-- Description of the task --
Check every line below for the word "False" and show those that hold it.

-- Material provided --
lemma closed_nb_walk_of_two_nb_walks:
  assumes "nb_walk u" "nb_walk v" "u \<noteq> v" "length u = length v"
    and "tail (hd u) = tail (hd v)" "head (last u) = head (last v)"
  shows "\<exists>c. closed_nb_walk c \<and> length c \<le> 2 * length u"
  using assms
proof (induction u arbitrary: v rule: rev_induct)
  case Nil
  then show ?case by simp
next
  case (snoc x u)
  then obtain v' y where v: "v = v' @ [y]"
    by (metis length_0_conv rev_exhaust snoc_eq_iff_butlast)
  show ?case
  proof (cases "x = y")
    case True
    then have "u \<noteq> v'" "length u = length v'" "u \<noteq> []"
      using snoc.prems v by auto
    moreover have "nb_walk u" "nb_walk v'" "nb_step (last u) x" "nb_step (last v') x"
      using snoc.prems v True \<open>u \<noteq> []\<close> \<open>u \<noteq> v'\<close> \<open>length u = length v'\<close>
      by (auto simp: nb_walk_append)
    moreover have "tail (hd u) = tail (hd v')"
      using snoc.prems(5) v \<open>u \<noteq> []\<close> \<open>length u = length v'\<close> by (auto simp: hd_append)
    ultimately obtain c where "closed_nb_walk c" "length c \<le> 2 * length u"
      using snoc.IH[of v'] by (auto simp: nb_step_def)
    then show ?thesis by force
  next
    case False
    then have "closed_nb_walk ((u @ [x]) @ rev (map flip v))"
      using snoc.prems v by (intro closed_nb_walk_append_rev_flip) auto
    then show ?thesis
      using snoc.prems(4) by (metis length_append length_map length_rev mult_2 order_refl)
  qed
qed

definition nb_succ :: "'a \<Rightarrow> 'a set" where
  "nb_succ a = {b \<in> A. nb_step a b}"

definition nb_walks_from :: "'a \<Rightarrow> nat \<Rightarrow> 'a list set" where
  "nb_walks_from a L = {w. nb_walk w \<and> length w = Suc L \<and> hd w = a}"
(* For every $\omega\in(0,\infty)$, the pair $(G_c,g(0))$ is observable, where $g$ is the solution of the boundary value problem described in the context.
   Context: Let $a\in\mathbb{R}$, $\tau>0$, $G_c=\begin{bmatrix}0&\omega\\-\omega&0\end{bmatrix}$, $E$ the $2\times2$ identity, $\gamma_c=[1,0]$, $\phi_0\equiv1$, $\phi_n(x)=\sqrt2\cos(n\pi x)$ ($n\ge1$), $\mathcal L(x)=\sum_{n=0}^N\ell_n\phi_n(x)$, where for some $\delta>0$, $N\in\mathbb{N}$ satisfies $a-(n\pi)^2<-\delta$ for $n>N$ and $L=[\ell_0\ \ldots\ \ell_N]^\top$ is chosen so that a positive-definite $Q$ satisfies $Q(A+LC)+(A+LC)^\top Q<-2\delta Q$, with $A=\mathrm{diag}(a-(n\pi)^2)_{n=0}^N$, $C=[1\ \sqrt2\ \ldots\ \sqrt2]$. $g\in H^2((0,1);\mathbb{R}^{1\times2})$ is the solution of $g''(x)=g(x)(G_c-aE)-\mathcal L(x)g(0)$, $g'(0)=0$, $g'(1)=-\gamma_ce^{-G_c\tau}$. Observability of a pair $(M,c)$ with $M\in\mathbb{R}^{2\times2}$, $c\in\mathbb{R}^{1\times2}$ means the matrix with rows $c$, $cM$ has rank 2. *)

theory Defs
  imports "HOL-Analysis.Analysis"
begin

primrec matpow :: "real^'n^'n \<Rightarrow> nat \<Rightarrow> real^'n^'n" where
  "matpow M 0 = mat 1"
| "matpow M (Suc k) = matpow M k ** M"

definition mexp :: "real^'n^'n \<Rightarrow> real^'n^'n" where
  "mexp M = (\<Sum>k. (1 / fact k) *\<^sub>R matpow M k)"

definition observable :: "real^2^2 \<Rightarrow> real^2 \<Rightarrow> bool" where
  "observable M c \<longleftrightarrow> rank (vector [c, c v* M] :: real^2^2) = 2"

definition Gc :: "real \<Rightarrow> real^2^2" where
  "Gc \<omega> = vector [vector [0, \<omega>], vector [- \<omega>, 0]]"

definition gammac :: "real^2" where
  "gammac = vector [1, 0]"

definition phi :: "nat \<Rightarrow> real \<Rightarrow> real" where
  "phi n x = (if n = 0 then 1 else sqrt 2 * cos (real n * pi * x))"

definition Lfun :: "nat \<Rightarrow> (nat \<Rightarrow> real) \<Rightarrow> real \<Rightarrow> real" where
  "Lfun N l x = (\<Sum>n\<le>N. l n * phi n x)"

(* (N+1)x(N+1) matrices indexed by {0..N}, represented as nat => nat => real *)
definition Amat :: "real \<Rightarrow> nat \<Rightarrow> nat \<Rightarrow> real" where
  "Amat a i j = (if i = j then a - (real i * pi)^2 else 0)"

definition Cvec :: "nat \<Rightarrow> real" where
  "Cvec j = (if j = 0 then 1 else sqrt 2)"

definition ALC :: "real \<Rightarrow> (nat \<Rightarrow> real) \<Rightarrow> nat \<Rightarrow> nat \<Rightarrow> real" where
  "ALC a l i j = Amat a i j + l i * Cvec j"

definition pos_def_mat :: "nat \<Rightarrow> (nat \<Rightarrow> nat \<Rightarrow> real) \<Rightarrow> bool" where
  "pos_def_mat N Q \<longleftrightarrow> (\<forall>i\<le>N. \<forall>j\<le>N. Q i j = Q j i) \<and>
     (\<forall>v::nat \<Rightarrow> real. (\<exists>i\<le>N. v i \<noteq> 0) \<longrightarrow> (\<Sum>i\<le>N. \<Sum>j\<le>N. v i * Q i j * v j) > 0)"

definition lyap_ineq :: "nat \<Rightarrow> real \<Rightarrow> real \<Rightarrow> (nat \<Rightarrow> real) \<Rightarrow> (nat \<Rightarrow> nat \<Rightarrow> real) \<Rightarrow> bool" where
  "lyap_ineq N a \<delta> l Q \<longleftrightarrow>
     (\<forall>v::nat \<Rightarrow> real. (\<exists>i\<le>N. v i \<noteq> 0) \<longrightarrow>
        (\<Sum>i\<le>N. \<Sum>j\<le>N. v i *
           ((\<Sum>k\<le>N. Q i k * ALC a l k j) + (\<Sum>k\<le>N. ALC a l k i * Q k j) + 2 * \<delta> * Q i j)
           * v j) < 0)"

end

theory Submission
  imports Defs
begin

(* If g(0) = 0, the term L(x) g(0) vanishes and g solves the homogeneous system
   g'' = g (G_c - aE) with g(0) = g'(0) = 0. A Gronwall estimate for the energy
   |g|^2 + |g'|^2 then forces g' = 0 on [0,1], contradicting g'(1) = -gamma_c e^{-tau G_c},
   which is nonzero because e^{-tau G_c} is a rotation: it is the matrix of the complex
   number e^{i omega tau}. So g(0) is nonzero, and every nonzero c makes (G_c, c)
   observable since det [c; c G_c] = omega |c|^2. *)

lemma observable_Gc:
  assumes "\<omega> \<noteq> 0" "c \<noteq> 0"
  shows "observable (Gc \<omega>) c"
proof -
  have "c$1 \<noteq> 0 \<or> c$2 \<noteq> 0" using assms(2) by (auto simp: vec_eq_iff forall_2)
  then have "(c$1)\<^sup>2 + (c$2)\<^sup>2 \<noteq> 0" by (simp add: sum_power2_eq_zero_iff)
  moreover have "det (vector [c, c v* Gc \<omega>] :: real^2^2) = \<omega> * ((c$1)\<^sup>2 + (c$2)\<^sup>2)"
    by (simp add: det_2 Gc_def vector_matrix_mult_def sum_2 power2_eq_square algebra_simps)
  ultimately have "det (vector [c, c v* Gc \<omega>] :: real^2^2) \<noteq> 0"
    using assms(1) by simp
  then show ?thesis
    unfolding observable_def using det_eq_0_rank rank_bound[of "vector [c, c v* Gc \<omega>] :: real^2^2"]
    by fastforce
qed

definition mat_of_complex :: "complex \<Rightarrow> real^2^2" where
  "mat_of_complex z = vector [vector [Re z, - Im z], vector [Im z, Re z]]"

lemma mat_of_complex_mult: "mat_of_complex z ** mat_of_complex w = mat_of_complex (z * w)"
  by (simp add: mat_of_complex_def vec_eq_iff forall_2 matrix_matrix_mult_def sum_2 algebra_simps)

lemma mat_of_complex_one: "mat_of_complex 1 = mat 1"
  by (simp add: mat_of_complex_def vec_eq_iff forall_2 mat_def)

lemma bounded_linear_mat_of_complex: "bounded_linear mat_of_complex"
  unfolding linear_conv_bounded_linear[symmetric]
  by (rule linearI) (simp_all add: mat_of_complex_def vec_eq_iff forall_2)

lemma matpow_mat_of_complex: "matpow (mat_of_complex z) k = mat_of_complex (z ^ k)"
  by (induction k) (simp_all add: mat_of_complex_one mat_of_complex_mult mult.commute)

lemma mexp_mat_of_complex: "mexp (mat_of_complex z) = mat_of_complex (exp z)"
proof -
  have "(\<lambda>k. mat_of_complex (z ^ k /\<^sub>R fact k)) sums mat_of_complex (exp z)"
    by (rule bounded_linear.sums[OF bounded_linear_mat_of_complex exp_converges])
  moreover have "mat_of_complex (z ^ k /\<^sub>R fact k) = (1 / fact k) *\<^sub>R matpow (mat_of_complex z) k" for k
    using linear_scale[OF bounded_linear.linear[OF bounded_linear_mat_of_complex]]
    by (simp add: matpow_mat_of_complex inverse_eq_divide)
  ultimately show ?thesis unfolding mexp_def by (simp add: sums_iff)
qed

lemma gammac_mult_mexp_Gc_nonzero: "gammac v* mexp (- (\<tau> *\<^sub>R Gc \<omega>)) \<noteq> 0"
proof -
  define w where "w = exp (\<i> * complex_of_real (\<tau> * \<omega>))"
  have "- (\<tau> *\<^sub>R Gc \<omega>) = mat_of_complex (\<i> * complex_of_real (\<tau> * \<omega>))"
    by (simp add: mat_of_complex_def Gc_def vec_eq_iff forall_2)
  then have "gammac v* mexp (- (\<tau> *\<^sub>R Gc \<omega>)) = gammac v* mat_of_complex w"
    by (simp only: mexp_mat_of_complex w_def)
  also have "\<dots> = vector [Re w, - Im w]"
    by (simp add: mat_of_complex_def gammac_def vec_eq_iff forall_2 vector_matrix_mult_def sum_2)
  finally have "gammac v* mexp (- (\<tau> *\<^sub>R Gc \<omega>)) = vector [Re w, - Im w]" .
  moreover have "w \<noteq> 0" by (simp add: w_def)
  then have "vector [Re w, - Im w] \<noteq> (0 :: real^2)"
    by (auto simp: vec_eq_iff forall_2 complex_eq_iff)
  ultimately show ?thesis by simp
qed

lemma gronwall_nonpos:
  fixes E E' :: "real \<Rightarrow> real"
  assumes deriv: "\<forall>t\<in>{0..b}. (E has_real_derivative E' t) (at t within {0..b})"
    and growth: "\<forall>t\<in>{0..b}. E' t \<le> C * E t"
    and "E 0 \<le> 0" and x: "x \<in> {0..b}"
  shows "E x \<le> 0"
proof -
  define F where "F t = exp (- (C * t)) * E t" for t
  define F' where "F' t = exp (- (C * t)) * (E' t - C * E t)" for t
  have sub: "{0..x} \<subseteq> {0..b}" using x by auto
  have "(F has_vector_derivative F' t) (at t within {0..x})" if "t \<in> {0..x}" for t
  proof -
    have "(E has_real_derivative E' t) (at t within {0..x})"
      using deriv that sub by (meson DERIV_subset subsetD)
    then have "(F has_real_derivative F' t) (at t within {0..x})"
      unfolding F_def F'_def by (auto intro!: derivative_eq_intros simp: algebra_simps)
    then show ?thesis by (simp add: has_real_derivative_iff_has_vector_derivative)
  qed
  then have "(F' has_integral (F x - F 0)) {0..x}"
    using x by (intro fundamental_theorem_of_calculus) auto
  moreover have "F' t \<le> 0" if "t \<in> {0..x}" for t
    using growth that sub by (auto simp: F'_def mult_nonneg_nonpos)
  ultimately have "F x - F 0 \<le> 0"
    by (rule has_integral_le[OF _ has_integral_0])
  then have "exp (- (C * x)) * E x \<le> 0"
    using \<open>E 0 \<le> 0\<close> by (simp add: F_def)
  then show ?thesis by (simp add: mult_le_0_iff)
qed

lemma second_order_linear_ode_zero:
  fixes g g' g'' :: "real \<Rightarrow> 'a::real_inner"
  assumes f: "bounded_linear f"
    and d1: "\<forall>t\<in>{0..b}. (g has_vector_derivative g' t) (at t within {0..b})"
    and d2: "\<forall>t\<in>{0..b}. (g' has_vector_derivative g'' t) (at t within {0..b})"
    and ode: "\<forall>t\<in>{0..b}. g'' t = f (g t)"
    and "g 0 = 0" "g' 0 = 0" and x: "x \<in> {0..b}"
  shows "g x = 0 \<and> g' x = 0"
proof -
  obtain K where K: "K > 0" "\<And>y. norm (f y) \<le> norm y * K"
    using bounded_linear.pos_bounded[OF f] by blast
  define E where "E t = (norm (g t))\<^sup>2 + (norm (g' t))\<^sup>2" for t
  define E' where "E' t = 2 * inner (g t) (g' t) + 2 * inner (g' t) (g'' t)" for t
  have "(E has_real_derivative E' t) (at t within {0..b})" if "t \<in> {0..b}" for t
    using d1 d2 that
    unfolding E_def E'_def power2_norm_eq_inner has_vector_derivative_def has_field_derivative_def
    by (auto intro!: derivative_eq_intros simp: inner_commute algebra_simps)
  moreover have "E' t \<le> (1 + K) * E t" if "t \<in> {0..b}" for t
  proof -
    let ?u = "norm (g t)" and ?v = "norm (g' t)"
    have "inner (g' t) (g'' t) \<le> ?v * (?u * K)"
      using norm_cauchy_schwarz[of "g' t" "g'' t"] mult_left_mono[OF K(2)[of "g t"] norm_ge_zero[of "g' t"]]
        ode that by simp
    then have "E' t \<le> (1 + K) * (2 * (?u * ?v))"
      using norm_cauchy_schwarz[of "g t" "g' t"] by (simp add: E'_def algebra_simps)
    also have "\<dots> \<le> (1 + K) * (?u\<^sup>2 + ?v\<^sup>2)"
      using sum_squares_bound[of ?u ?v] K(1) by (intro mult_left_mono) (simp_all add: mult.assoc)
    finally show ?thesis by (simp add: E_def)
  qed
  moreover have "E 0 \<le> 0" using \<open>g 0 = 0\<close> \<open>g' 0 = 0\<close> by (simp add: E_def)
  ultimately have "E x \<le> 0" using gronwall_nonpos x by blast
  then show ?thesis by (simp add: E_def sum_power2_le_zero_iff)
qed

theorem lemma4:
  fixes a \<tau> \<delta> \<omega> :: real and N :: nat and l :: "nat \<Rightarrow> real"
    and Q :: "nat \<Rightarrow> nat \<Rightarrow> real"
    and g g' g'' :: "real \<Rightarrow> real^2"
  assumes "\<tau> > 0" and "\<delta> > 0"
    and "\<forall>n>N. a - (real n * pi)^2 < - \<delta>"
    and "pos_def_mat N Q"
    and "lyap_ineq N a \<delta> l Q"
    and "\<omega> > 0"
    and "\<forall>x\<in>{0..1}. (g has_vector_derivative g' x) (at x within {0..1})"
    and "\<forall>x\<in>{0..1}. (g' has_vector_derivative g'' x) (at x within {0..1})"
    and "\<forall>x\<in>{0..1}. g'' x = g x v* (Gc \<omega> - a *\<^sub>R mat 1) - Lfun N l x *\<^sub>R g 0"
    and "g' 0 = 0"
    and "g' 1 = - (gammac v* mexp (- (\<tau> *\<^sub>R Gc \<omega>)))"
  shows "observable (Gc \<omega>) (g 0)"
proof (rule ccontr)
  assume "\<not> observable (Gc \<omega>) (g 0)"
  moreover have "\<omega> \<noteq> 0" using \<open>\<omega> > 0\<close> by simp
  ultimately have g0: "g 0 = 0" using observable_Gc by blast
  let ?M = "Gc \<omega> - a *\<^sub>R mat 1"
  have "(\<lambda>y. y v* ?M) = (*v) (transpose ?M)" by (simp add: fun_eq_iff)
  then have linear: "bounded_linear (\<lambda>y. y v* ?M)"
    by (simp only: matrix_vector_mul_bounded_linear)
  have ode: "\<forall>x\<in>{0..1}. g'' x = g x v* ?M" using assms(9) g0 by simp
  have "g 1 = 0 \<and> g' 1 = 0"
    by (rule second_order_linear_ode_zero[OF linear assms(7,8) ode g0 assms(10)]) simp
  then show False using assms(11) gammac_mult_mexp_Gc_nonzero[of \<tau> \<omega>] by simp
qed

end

-- Output for this task --
    case False
  then show False using assms(11) gammac_mult_mexp_Gc_nonzero[of \<tau> \<omega>] by simp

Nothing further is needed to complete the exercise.